В эту минуту в дверях показался выброшенный бюргер, весь в грязи, с окровавленным лицом, и, как бешеный, с пеной у рта, бросился на Броду. Но тот, вместе с Светомиром, обнажили мечи и совершенно спокойно отбивались от нападавших; да и все находившиеся в зале чехи присоединились к ним, и началась общая свалка. Ужасные крики, шум и грохот разбиваемой посуды, столов и скамеек собрали толпу перед входной дверью, и народ, если не делом, то словами принимал живое участие в сумятице.
Оружием пролагая себе дорогу, Брода и Светомир пробрались к выходу. И только что вышли они на улицу, как к месту побоища подошел отряд полицейской стражи, вызванный кем то из горожан. Но большинство зрителей было на стороне Броды, подвиг которого передавался из уст в уста; толпа расступилась и, как стеной, защитила его с Светомиром.
Оба они давно уже успели скрыться в переулке, раньше, чем начальник стражи понял, в чем дело.
– Хороший урок задал ты этому немцу хвастуну, – смеясь, сказал Светомир, шагая сзади Броды.

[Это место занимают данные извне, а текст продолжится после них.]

theorem proposition3p2:
  fixes n :: nat
  shows "(\<forall>f\<in>SigmaB n. phi n f \<in> SigmaA n) \<and>
    (\<forall>J. J \<subseteq> {0..<n} \<longrightarrow>
       phi n (YB n J) =
       (\<lambda>u. \<Sum>F\<in>{F \<in> Fn n. F \<subseteq> (J \<union> Suc ` J) - (J \<inter> Suc ` J)}.
               2 ^ card F * PF n F u))"
proof (intro conjI ballI allI impI)
  fix f assume "f \<in> SigmaB n"
  then obtain c where f: "f = (\<lambda>w. \<Sum>J\<in>Pow {0..<n}. c J * YB n J w)"
    by (auto simp: SigmaB_def)
  let ?peaks = "\<lambda>K. {i \<in> K. i - 1 \<notin> K}"
  show "phi n f \<in> SigmaA n"
  proof (rule SigmaA_memI)
    show "phi n f u = (\<Sum>J\<in>Pow {0..<n}. c J *
        (if ?peaks (DesA u) \<subseteq> shift_symdiff J then 2 ^ card (?peaks (DesA u)) else 0))"
      if "u \<in> Sn n" for u
      using that unfolding Peak_eq_DesA[OF that, symmetric] by (simp add: f phi_sum phi_YB)
  qed (rule phi_outside_Sn)
next
  fix J :: "nat set" assume J: "J \<subseteq> {0..<n}"
  show "phi n (YB n J) =
      (\<lambda>u. \<Sum>F\<in>{F \<in> Fn n. F \<subseteq> (J \<union> Suc ` J) - (J \<inter> Suc ` J)}. 2 ^ card F * PF n F u)"
  proof
    fix u
    show "phi n (YB n J) u =
        (\<Sum>F\<in>{F \<in> Fn n. F \<subseteq> (J \<union> Suc ` J) - (J \<inter> Suc ` J)}. 2 ^ card F * PF n F u)"
      using J unfolding shift_symdiff_def[symmetric]
      by (cases "u \<in> Sn n") (simp_all add: sum_PF_eq phi_YB phi_outside_Sn)
  qed
qed

end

– Вот как он расквасил себе нос на мостовой, так теперь долго не будет его задирать! Пойдем к Жижке, я непременно хочу рассказать ему наше приключение; это его очень позабавит, – весело ответил Брода.
Бодрым шагом перешли они знаменитый, построенный Карлом IV мост через Влтаву и свернули в пустынный, извилистый переулок в Старом месте (городе).

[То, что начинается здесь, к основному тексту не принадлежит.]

lemma Min_Max_double_segs:
  assumes "seg_decomp A s P" "l \<in> {1..s}"
  shows "Min (double_segs P l) = 2 * Min (P l)" "Max (double_segs P l) = 2 * Max (P l)"
  using seg_decomp_interval(2)[OF assms] by (simp_all add: double_segs_def Min_Max_atLeastAtMost)

lemma seg_decomp_double_segs:
  assumes "seg_decomp A s P"
  shows "seg_decomp (\<Union>l\<in>{1..s}. double_segs P l) s (double_segs P)"
    and "separated_segs s (double_segs P)"
proof -
  have gap: "Max (double_segs P l) + 1 < Min (double_segs P (Suc l))" if "l \<in> {1..<s}" for l
    using seg_decomp_Max_less_Min[OF assms, of l "Suc l"] Min_Max_double_segs[OF assms] that by simp
  have "segment (double_segs P l)" if "l \<in> {1..s}" for l
    using seg_decomp_interval(2)[OF assms that] unfolding segment_def double_segs_def by auto
  with gap show "seg_decomp (\<Union>l\<in>{1..s}. double_segs P l) s (double_segs P)"
    unfolding seg_decomp_def by force
  from gap show "separated_segs s (double_segs P)"
    unfolding separated_segs_def by blast
qed

definition merge_lo :: "nat \<Rightarrow> nat \<Rightarrow> nat" where
  "merge_lo j r = (if r \<le> j then r else Suc r)"

definition merge_hi :: "nat \<Rightarrow> nat \<Rightarrow> nat" where
  "merge_hi j r = (if r < j then r else Suc r)"

definition merge_at :: "nat \<Rightarrow> (nat \<Rightarrow> int set) \<Rightarrow> nat \<Rightarrow> int set" where
  "merge_at j P r = {Min (P (merge_lo j r))..Max (P (merge_hi j r))}"

lemma merge_lo_hi:
  assumes "j \<in> {1..<s}" "r \<in> {1..s - 1}"
  shows "merge_lo j r \<in> {1..s}" "merge_hi j r \<in> {1..s}" "merge_lo j r \<le> merge_hi j r"
    and "merge_hi j r < merge_lo j (Suc r)"
  using assms by (auto simp: merge_lo_def merge_hi_def)

lemma Min_Max_merge_at:
  assumes "seg_decomp A s P" "j \<in> {1..<s}" "r \<in> {1..s - 1}"
  shows "Min (merge_at j P r) = Min (P (merge_lo j r))"
    and "Max (merge_at j P r) = Max (P (merge_hi j r))"
proof -
  note lh = merge_lo_hi[OF assms(2,3)]
  have "Min (P (merge_lo j r)) \<le> Max (P (merge_hi j r))"
    using seg_decomp_mono(1)[OF assms(1), of "merge_lo j r" "merge_hi j r"] lh
      seg_decomp_interval(2)[OF assms(1) lh(2)] by simp
  then show "Min (merge_at j P r) = Min (P (merge_lo j r))"
    and "Max (merge_at j P r) = Max (P (merge_hi j r))"
    by (simp_all add: merge_at_def Min_Max_atLeastAtMost)
qed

Настала уже ночь, когда они остановились перед бедным на вид домиком, и им пришлось ощупью пробираться по узкой и крутой лестнице. Наконец, они постучались в дверь, из под которой пробивалась полоса света.
В большой, но просто обставленной комнате, у стены, помещалась широкая, с шерстяными занавесками, кровать, а посредине, вокруг стола, освещенного масляной лампой, сидело трое: старушка, чистившая яблоки и присматривавшая за маленькой, пятилетней девочкой, которая тут же играла с деревянным барашком, и молодой человек, лет тридцати, с умным, смелым лицом. Темные глаза его строго блестели из под густых бровей; рот был большой, оттененный рыжеватыми усами; волосы на голове были острижены в щетку, и короткая бородка обрамляла лицо. В нем чувствовалась загадочная, громадная, просившаяся наружу сила, проглядывала какая то странная смесь врожденной суровости, благородства и даже великодушия.

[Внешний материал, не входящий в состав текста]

text \<open>Iterated partial derivatives: True = derivative in x, False = derivative in t.\<close>
fun pderivs :: "bool list \<Rightarrow> (real \<Rightarrow> real \<Rightarrow> real) \<Rightarrow> real \<Rightarrow> real \<Rightarrow> real" where
  "pderivs [] f = f"
| "pderivs (d # ds) f =
     (let g = pderivs ds f in
      if d then (\<lambda>x t. deriv (\<lambda>y. g y t) x) else (\<lambda>x t. deriv (\<lambda>s. g x s) t))"

definition smooth2 :: "(real \<Rightarrow> real \<Rightarrow> real) \<Rightarrow> bool" where
  "smooth2 \<phi> \<longleftrightarrow> (\<forall>ds. continuous_on UNIV (\<lambda>(x,t). pderivs ds \<phi> x t) \<and>
      (\<forall>x t. (\<lambda>y. pderivs ds \<phi> y t) differentiable (at x) \<and>
             (\<lambda>s. pderivs ds \<phi> x s) differentiable (at t)))"

definition test_fun :: "real \<Rightarrow> (real \<Rightarrow> real \<Rightarrow> real) \<Rightarrow> bool" where
  "test_fun T \<phi> \<longleftrightarrow> smooth2 \<phi> \<and>
     (\<exists>K. compact K \<and> K \<subseteq> UNIV \<times> {0<..<T} \<and> (\<forall>x t. (x,t) \<notin> K \<longrightarrow> \<phi> x t = 0))"

definition HS_weak_solution :: "real \<Rightarrow> (real \<Rightarrow> real \<Rightarrow> real) \<Rightarrow> bool" where
  "HS_weak_solution T u \<longleftrightarrow>
     continuous_on (UNIV \<times> {0..T}) (\<lambda>(x,t). u x t) \<and>
     (\<exists>w :: real \<Rightarrow> real \<Rightarrow> real.
        \<comment> \<open>u(.,t) absolutely continuous with derivative w(.,t)\<close>
        (\<forall>t\<in>{0..T}. abs_cont_real (\<lambda>x. u x t) \<and>
            (AE x in lborel. ((\<lambda>y. u y t) has_real_derivative w x t) (at x))) \<and>
        \<comment> \<open>w in L-infinity([0,T]; L2(R))\<close>
        (\<lambda>(x,t). w x t) \<in> borel_measurable lborel \<and>
        (\<forall>t\<in>{0..T}. integrable lborel (\<lambda>x. (w x t)\<^sup>2)) \<and>
        (\<exists>C. AE t in lborel. t \<in> {0..T} \<longrightarrow> (\<integral>x. (w x t)\<^sup>2 \<partial>lborel) \<le> C) \<and>
        \<comment> \<open>t \<mapsto> u(.,t) in L2_loc absolutely continuous\<close>
        (\<forall>R. ac_gen {0..T} (\<lambda>s s'. sqrt (LINT x:{-R..R}|lborel. (u x s' - u x s)\<^sup>2))) \<and>
        \<comment> \<open>the equation in the sense of distributions on R x (0,T)\<close>
        (\<forall>\<phi>. test_fun T \<phi> \<longrightarrow>
           (\<integral>p. (case p of (x,t) \<Rightarrow>
               u x t * pderivs [False] \<phi> x t
             + (1/2) * (u x t)\<^sup>2 * pderivs [True] \<phi> x t
             + (1/2) * (LINT y:{..x}|lborel. (w y t)\<^sup>2) * \<phi> x t) \<partial>lborel) = 0))"

definition characteristic :: "real \<Rightarrow> (real \<Rightarrow> real \<Rightarrow> real) \<Rightarrow> (real \<Rightarrow> real) \<Rightarrow> bool" where
  "characteristic T u X \<longleftrightarrow>
     (\<exists>L. L-lipschitz_on {0..T} X) \<and>
     (AE t in lborel. t \<in> {0..T} \<longrightarrow> (X has_real_derivative u (X t) t) (at t))"

end

theory Submission
  imports Defs
begin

На Жижке, как и на Броде, было платье польского покроя. Он сидел и писал, но при входе гостей встал, чтобы поздороваться с ними и, обращаясь к старушке, обменивавшейся рукопожатиями с вошедшими, сказал:
– Милая тетушка, уведи ребенка, да подай нам вина.
– А девочка у тебя прехорошенькая и славно выросла, – заметил Брода, пока они усаживались вокруг стола.
– Она удивительно похожа на покойную жену и тетушка смотрит за ней, как за собственным ребенком, – ответил Жижка, наливая вино в медные кружки, принесенные старушкой.
Брода принялся довольным тоном, хотя и сердясь по временам, рассказывать случай в гостинице; а Жижка, в свою очередь, описал предпринятый им несколько месяцев тому назад против Розенбергов смелый набег, во время которого он, во главе отважных товарищей, разорил владение своих всесильных врагов и взял с них выкуп.
Светомир не принимал участие в разговоре и снова впал в мрачную задумчивость, ничего не видя и не слыша.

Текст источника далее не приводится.